→ **What is being asked**
Write out, word for word, every line from the one containing "note closed = is_subalg2_closed_pairwise[OF assms(2)]" through the final line of the records.

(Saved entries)
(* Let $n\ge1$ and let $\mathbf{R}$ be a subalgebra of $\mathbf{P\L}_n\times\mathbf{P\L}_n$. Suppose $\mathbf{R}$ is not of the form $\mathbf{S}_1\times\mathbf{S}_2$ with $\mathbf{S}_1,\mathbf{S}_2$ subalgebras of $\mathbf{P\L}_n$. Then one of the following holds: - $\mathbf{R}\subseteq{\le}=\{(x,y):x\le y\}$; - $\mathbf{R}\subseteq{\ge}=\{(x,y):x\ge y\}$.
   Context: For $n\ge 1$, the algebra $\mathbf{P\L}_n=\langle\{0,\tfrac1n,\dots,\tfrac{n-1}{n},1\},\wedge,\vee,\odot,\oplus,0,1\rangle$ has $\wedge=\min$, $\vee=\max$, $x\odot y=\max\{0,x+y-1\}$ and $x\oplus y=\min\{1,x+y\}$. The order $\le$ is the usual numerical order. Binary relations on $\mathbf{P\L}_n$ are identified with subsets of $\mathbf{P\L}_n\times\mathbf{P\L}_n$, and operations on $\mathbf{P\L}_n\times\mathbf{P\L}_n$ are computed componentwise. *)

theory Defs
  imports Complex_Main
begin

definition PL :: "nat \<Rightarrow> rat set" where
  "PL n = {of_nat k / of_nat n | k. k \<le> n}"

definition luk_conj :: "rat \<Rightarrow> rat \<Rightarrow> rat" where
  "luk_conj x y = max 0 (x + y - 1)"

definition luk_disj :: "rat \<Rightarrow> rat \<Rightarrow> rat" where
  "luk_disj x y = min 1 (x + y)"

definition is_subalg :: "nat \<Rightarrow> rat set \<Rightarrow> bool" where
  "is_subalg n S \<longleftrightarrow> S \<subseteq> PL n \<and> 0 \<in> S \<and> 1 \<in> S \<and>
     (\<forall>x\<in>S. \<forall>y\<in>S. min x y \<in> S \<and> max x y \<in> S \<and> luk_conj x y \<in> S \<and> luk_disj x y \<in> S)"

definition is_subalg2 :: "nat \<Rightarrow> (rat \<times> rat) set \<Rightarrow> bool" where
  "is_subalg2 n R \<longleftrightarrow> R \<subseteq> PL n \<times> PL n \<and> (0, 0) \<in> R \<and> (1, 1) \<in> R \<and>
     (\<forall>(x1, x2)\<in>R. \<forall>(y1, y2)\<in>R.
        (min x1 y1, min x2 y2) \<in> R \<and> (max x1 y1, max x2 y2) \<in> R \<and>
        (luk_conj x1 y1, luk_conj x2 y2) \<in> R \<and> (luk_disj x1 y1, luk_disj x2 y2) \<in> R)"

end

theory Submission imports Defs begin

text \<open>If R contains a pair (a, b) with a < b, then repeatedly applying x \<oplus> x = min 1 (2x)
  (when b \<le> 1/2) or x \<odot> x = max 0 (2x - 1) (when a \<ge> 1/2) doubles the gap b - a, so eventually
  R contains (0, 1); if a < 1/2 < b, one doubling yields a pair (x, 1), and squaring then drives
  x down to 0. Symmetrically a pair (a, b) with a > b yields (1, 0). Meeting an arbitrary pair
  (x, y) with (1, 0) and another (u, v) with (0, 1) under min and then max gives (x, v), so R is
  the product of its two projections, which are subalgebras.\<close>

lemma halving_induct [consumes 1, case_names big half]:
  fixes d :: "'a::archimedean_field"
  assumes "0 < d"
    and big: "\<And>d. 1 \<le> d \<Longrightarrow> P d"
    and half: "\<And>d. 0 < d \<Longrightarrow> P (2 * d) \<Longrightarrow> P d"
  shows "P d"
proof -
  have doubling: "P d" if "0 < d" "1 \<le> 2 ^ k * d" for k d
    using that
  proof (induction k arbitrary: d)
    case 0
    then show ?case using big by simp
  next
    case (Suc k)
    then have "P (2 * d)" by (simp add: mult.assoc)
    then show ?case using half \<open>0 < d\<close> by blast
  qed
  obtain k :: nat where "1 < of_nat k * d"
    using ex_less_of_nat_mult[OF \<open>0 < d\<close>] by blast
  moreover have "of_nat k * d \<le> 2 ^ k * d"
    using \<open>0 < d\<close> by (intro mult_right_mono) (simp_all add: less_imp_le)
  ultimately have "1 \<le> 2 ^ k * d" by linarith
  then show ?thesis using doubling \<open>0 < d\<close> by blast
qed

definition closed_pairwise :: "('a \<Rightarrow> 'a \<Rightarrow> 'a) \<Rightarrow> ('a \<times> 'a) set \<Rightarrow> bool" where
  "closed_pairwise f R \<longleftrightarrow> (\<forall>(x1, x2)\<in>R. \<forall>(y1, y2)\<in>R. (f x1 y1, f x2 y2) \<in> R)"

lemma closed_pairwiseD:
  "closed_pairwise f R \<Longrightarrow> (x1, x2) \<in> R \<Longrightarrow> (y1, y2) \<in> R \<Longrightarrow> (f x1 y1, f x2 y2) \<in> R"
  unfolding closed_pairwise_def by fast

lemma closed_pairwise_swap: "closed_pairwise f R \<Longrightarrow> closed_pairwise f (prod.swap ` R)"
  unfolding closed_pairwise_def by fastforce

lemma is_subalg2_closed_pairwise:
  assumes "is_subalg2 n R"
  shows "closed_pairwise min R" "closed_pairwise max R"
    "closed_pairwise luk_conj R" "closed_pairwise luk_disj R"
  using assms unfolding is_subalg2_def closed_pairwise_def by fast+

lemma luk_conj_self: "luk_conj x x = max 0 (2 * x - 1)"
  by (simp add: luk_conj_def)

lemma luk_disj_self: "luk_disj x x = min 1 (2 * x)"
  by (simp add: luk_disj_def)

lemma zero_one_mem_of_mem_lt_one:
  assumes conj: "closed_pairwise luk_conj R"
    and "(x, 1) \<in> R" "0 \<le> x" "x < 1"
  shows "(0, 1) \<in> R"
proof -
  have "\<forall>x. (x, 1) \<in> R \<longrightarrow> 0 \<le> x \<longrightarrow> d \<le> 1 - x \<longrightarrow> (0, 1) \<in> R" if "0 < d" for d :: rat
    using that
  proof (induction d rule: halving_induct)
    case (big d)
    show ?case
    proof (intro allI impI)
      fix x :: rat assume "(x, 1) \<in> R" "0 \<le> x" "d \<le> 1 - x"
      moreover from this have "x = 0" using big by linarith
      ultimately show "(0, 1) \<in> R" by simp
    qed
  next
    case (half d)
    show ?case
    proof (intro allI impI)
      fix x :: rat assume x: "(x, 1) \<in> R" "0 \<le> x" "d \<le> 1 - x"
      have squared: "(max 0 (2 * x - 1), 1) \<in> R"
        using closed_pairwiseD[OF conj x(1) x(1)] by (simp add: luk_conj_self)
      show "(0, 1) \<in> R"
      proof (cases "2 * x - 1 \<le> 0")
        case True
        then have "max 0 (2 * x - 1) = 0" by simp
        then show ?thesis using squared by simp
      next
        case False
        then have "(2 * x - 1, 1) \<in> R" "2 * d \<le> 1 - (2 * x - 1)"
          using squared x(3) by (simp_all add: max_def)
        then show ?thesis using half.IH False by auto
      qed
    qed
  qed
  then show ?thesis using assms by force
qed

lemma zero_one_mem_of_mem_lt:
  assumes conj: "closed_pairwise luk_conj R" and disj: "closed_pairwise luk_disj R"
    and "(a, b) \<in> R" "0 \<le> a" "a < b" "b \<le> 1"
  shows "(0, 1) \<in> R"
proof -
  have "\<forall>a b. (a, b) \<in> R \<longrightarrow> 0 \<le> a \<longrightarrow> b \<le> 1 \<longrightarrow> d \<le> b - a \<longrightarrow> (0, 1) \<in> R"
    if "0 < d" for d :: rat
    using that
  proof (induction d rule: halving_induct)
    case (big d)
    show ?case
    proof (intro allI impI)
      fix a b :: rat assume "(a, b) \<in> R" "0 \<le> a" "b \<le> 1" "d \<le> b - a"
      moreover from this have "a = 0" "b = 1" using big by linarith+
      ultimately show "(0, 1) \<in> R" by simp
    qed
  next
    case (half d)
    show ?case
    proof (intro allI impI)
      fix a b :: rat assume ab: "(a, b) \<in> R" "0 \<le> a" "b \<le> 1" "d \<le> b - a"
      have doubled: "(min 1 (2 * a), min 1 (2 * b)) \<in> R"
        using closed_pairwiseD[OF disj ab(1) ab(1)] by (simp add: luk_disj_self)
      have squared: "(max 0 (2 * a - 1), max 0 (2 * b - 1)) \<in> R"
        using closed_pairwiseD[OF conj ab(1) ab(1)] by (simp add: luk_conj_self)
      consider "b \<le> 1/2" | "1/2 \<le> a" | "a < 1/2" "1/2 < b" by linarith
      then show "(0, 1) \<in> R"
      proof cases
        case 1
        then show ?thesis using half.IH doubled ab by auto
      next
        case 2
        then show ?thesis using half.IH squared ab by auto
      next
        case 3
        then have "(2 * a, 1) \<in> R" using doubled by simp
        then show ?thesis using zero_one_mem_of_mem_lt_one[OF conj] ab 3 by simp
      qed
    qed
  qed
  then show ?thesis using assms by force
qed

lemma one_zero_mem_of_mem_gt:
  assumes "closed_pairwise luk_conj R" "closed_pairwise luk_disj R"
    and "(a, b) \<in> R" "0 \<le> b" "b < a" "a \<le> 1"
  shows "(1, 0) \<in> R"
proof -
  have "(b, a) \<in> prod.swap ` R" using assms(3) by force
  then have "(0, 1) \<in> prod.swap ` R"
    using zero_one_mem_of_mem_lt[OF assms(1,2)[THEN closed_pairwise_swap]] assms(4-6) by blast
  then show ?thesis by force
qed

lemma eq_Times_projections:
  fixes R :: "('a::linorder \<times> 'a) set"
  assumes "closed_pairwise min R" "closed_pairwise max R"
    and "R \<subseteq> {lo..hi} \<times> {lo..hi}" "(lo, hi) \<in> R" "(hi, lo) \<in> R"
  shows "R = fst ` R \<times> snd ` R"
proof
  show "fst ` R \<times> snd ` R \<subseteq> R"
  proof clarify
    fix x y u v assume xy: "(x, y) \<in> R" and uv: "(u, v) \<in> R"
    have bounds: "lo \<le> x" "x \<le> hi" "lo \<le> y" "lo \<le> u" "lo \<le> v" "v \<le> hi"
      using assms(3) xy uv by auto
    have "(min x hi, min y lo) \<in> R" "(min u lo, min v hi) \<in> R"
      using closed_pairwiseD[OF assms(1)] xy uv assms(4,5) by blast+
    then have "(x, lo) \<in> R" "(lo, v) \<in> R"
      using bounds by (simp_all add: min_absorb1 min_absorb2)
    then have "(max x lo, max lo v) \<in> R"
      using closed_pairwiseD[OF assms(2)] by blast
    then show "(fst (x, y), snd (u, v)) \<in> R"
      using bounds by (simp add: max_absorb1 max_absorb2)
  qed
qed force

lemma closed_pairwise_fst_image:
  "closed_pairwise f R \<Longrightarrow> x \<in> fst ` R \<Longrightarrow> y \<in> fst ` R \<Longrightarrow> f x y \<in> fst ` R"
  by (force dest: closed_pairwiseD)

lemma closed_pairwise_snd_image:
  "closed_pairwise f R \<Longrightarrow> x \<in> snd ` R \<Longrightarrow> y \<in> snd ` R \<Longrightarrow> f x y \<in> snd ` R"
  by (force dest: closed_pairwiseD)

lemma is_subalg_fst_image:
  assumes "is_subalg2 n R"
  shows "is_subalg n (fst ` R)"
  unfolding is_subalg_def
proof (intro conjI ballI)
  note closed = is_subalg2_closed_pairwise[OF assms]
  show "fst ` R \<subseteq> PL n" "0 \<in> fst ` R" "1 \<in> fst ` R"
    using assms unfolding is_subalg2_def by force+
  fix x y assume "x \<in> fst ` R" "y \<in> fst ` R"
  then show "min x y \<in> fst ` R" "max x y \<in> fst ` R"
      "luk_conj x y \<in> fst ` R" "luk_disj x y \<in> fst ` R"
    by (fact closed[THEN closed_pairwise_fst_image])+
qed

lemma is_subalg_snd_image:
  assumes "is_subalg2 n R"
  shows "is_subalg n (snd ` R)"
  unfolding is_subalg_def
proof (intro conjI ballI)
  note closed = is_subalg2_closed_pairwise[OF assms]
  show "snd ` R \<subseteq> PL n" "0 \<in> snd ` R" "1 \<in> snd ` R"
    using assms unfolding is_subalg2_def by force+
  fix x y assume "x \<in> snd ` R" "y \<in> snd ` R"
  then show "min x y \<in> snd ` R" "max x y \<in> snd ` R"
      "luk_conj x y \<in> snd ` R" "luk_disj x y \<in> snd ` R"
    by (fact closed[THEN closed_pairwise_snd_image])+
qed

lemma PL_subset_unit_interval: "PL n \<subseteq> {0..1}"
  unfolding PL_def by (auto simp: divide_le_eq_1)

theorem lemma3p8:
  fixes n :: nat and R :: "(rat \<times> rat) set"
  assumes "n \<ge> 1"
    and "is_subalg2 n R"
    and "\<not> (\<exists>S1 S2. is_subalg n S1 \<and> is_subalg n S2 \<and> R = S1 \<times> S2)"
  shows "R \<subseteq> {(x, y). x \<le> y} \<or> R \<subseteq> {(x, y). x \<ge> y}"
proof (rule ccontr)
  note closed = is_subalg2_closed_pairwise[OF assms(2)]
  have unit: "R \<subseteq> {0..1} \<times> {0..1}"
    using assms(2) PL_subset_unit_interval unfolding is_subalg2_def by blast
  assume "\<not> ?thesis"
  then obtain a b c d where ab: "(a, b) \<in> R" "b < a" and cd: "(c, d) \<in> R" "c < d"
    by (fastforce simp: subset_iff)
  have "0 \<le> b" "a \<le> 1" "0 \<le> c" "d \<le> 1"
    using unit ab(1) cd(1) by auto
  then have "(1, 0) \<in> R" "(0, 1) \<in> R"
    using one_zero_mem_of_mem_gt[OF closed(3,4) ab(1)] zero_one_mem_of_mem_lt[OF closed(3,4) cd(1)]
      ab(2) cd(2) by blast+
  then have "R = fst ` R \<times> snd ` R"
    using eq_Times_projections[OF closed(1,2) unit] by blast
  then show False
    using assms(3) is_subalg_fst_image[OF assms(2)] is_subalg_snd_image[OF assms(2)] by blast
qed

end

→ **Answer to the problem**
  note closed = is_subalg2_closed_pairwise[OF assms(2)]
  have unit: "R \<subseteq> {0..1} \<times> {0..1}"
    using assms(2) PL_subset_unit_interval unfolding is_subalg2_def by blast
  assume "\<not> ?thesis"
  then obtain a b c d where ab: "(a, b) \<in> R" "b < a" and cd: "(c, d) \<in> R" "c < d"
    by (fastforce simp: subset_iff)
  have "0 \<le> b" "a \<le> 1" "0 \<le> c" "d \<le> 1"
    using unit ab(1) cd(1) by auto
  then have "(1, 0) \<in> R" "(0, 1) \<in> R"
    using one_zero_mem_of_mem_gt[OF closed(3,4) ab(1)] zero_one_mem_of_mem_lt[OF closed(3,4) cd(1)]
      ab(2) cd(2) by blast+
  then have "R = fst ` R \<times> snd ` R"
    using eq_Times_projections[OF closed(1,2) unit] by blast
  then show False
    using assms(3) is_subalg_fst_image[OF assms(2)] is_subalg_snd_image[OF assms(2)] by blast
qed

end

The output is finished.